▶ YOUR GOAL: Output range, inclusive: from the line containing "n = carrier" to the line containing "then x (nat". Restate those lines from the data below word for word and only those.
= Beginning of Section =
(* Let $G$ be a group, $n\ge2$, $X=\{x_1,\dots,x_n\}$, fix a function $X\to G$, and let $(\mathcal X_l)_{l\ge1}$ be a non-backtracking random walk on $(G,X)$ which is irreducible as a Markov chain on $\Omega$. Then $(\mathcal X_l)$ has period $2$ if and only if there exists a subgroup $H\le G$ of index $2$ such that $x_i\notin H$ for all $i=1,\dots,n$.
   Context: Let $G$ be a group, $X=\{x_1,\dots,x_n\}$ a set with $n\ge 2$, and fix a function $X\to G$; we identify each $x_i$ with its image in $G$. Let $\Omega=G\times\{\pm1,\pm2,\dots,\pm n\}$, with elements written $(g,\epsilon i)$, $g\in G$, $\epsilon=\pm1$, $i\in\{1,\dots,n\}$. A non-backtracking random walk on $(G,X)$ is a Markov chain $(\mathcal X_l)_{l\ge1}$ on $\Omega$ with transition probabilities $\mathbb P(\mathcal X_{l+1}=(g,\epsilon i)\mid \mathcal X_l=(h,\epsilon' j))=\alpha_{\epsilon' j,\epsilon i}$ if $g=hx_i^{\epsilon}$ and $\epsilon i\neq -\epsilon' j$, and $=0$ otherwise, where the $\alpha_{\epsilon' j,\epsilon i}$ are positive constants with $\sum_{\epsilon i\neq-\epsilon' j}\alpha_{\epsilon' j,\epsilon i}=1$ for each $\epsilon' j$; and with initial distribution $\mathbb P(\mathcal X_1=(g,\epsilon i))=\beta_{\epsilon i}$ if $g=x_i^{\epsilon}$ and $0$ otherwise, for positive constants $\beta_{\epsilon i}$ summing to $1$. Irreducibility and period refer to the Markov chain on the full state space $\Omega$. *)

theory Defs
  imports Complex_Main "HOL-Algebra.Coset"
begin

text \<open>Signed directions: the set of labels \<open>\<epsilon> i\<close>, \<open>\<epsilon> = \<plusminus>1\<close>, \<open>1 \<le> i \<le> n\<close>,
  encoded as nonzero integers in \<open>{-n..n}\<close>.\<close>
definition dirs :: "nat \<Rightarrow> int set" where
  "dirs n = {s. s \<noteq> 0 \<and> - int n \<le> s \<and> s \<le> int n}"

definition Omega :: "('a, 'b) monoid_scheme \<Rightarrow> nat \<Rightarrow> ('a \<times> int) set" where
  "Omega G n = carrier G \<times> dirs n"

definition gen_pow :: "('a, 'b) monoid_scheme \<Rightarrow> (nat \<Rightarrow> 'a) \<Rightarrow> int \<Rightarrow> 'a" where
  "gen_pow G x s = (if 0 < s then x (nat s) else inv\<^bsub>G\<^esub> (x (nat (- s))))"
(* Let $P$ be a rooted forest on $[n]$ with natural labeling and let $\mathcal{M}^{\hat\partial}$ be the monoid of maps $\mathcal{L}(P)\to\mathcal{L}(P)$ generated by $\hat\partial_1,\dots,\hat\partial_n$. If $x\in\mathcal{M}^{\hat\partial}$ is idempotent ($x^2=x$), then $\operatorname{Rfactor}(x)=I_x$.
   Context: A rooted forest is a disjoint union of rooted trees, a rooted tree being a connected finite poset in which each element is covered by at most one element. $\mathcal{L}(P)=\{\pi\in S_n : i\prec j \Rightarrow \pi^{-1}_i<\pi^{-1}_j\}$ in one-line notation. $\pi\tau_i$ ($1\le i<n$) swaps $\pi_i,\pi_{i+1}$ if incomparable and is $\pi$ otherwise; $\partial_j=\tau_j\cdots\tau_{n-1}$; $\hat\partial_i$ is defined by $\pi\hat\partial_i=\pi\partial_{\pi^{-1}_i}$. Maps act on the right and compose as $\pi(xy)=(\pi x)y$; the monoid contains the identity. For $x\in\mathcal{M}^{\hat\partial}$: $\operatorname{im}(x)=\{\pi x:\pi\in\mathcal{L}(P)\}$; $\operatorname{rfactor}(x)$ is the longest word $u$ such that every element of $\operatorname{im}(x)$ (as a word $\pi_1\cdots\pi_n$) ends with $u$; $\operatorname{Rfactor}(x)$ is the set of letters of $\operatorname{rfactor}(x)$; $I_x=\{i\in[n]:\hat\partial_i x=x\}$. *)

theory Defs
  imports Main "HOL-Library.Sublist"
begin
= End of Section =
▶ EXERCISE OUTPUT:
  "Omega G n = carrier G \<times> dirs n"

definition gen_pow :: "('a, 'b) monoid_scheme \<Rightarrow> (nat \<Rightarrow> 'a) \<Rightarrow> int \<Rightarrow> 'a" where
  "gen_pow G x s = (if 0 < s then x (nat s) else inv\<^bsub>G\<^esub> (x (nat (- s))))"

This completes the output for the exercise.